*** Opening WORKING DATA ***
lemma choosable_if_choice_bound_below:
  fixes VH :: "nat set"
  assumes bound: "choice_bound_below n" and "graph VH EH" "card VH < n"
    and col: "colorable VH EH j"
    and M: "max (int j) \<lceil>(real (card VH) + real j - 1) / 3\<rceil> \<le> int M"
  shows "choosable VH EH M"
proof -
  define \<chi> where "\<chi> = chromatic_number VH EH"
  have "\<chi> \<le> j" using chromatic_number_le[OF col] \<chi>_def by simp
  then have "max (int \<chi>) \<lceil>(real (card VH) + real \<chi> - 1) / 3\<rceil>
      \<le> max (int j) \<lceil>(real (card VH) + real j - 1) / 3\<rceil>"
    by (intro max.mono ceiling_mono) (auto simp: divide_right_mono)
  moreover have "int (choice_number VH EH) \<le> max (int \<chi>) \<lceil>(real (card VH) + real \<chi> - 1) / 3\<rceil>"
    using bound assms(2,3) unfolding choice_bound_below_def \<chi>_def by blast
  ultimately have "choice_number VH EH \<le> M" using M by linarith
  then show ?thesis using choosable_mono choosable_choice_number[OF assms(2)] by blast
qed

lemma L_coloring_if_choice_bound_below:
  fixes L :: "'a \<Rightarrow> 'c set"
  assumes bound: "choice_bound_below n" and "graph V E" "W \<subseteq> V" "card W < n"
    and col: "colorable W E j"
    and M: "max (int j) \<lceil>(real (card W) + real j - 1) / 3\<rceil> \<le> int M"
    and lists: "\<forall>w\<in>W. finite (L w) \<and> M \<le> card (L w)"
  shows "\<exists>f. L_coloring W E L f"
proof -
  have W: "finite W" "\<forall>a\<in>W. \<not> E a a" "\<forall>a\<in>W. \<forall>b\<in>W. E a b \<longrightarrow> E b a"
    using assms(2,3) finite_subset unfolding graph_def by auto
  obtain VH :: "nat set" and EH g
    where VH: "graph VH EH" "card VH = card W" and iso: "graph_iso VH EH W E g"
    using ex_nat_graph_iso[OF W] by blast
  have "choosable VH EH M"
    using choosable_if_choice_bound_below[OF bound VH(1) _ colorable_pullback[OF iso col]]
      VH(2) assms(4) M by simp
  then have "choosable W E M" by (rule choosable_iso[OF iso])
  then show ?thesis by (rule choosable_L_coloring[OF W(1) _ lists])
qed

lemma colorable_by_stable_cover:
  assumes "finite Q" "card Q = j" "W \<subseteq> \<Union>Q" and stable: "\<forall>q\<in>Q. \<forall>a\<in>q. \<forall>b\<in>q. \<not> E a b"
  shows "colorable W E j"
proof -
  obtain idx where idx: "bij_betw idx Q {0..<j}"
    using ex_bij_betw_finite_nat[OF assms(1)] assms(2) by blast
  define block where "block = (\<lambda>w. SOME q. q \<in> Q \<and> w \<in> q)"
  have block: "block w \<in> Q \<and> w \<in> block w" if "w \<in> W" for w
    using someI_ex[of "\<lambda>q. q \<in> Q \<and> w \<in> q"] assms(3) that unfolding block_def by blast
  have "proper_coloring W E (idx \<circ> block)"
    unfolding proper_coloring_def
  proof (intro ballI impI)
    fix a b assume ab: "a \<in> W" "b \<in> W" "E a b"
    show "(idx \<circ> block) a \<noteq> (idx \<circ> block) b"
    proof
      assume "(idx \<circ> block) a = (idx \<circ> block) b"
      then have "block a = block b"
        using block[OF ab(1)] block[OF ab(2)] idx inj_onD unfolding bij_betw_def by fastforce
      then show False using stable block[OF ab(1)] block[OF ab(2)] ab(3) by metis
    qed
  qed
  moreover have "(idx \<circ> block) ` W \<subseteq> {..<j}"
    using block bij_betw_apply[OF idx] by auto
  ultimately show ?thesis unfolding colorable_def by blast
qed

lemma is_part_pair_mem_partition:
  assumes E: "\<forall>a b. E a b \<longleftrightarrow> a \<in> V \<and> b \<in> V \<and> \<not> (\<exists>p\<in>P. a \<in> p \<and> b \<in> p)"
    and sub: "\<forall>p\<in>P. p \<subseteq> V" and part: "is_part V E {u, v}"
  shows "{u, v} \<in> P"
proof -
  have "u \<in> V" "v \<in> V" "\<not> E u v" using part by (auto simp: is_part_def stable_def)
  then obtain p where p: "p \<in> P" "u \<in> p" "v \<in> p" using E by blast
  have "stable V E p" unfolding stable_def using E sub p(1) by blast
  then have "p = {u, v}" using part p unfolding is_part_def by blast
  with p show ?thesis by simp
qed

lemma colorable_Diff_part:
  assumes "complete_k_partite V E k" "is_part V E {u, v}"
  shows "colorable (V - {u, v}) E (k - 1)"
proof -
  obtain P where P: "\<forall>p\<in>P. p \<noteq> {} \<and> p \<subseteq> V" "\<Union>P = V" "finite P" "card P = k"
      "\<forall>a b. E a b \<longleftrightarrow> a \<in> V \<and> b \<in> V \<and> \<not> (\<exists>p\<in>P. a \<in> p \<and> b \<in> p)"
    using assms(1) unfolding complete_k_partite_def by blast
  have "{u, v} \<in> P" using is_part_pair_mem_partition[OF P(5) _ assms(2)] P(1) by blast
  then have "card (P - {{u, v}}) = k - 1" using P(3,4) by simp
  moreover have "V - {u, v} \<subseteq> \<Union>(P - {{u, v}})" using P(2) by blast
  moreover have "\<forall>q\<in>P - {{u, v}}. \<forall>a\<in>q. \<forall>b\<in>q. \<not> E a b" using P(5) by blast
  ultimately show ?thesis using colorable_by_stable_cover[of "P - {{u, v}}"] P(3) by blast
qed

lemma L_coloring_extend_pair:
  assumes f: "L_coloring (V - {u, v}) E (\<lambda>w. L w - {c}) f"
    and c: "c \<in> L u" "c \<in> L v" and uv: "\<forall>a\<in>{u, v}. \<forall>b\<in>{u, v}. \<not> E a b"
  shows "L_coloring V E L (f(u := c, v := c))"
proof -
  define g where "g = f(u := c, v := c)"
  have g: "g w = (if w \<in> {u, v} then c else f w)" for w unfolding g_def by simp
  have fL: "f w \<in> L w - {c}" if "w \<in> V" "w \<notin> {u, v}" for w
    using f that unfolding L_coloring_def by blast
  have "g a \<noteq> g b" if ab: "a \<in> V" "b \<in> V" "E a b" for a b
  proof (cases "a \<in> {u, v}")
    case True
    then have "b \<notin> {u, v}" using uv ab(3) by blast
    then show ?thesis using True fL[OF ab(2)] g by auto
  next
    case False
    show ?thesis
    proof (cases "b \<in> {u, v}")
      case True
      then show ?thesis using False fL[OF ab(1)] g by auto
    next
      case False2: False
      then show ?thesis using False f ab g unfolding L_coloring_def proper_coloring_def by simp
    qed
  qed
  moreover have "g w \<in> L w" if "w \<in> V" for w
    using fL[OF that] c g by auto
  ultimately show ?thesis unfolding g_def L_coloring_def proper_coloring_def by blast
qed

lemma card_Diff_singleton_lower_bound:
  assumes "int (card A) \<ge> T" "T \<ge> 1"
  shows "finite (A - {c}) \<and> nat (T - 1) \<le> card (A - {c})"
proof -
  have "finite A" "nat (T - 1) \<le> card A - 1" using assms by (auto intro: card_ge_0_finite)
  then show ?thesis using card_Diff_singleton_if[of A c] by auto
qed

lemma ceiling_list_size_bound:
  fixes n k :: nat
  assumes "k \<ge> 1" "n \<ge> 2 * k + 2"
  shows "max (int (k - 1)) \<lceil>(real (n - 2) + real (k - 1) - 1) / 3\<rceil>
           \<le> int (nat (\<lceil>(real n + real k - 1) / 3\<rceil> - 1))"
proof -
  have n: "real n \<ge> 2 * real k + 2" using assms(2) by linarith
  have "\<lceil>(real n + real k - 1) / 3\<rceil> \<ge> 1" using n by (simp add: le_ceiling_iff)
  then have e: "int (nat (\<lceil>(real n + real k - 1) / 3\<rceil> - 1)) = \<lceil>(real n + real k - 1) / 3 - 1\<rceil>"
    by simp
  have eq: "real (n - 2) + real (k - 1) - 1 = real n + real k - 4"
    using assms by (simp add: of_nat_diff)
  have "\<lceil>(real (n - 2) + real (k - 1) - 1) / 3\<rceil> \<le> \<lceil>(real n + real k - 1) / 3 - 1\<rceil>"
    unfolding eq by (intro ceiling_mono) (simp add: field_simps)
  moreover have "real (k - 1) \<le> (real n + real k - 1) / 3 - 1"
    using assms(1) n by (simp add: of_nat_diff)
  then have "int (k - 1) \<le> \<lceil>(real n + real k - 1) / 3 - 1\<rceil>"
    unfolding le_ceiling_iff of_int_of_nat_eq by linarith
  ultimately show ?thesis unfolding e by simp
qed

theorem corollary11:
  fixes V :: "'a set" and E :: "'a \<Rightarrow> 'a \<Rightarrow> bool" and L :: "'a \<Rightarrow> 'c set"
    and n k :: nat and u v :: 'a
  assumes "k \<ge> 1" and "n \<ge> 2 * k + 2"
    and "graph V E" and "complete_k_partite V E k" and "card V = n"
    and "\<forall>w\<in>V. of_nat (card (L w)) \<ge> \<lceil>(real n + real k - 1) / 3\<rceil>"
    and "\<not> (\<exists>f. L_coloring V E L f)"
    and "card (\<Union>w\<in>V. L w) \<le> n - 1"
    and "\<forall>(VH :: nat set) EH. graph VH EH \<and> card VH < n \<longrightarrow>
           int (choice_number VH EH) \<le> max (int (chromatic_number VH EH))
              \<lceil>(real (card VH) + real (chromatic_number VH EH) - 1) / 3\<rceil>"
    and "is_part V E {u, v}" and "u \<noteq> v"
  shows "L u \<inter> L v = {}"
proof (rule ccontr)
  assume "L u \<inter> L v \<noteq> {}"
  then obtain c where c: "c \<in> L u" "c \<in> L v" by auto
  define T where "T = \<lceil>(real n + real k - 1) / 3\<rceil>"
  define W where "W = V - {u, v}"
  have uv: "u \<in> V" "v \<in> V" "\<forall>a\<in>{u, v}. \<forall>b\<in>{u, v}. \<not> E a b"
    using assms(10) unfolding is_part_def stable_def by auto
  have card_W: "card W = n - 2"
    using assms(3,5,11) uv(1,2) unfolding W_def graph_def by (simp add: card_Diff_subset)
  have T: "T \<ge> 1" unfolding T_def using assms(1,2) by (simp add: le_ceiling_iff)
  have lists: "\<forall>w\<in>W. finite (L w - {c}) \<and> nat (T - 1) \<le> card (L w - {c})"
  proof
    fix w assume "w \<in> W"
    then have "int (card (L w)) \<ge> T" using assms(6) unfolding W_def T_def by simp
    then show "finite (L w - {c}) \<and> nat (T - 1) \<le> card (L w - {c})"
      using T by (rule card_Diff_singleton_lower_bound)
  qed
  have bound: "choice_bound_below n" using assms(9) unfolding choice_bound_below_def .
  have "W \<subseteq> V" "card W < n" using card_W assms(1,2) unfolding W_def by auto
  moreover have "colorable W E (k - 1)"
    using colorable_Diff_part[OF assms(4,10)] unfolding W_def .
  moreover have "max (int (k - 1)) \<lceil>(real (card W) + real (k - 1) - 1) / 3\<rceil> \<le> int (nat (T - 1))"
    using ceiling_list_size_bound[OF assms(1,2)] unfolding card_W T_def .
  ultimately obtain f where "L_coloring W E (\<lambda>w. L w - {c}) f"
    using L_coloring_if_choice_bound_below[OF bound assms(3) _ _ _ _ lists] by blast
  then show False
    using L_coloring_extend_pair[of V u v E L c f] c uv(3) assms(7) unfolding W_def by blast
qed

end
*** Closing WORKING DATA ***
### TO DO
Which lines of the records above hold the word "inter"? Copy each one out.

### WRITTEN REPLY
  shows "L u \<inter> L v = {}"
  assume "L u \<inter> L v \<noteq> {}"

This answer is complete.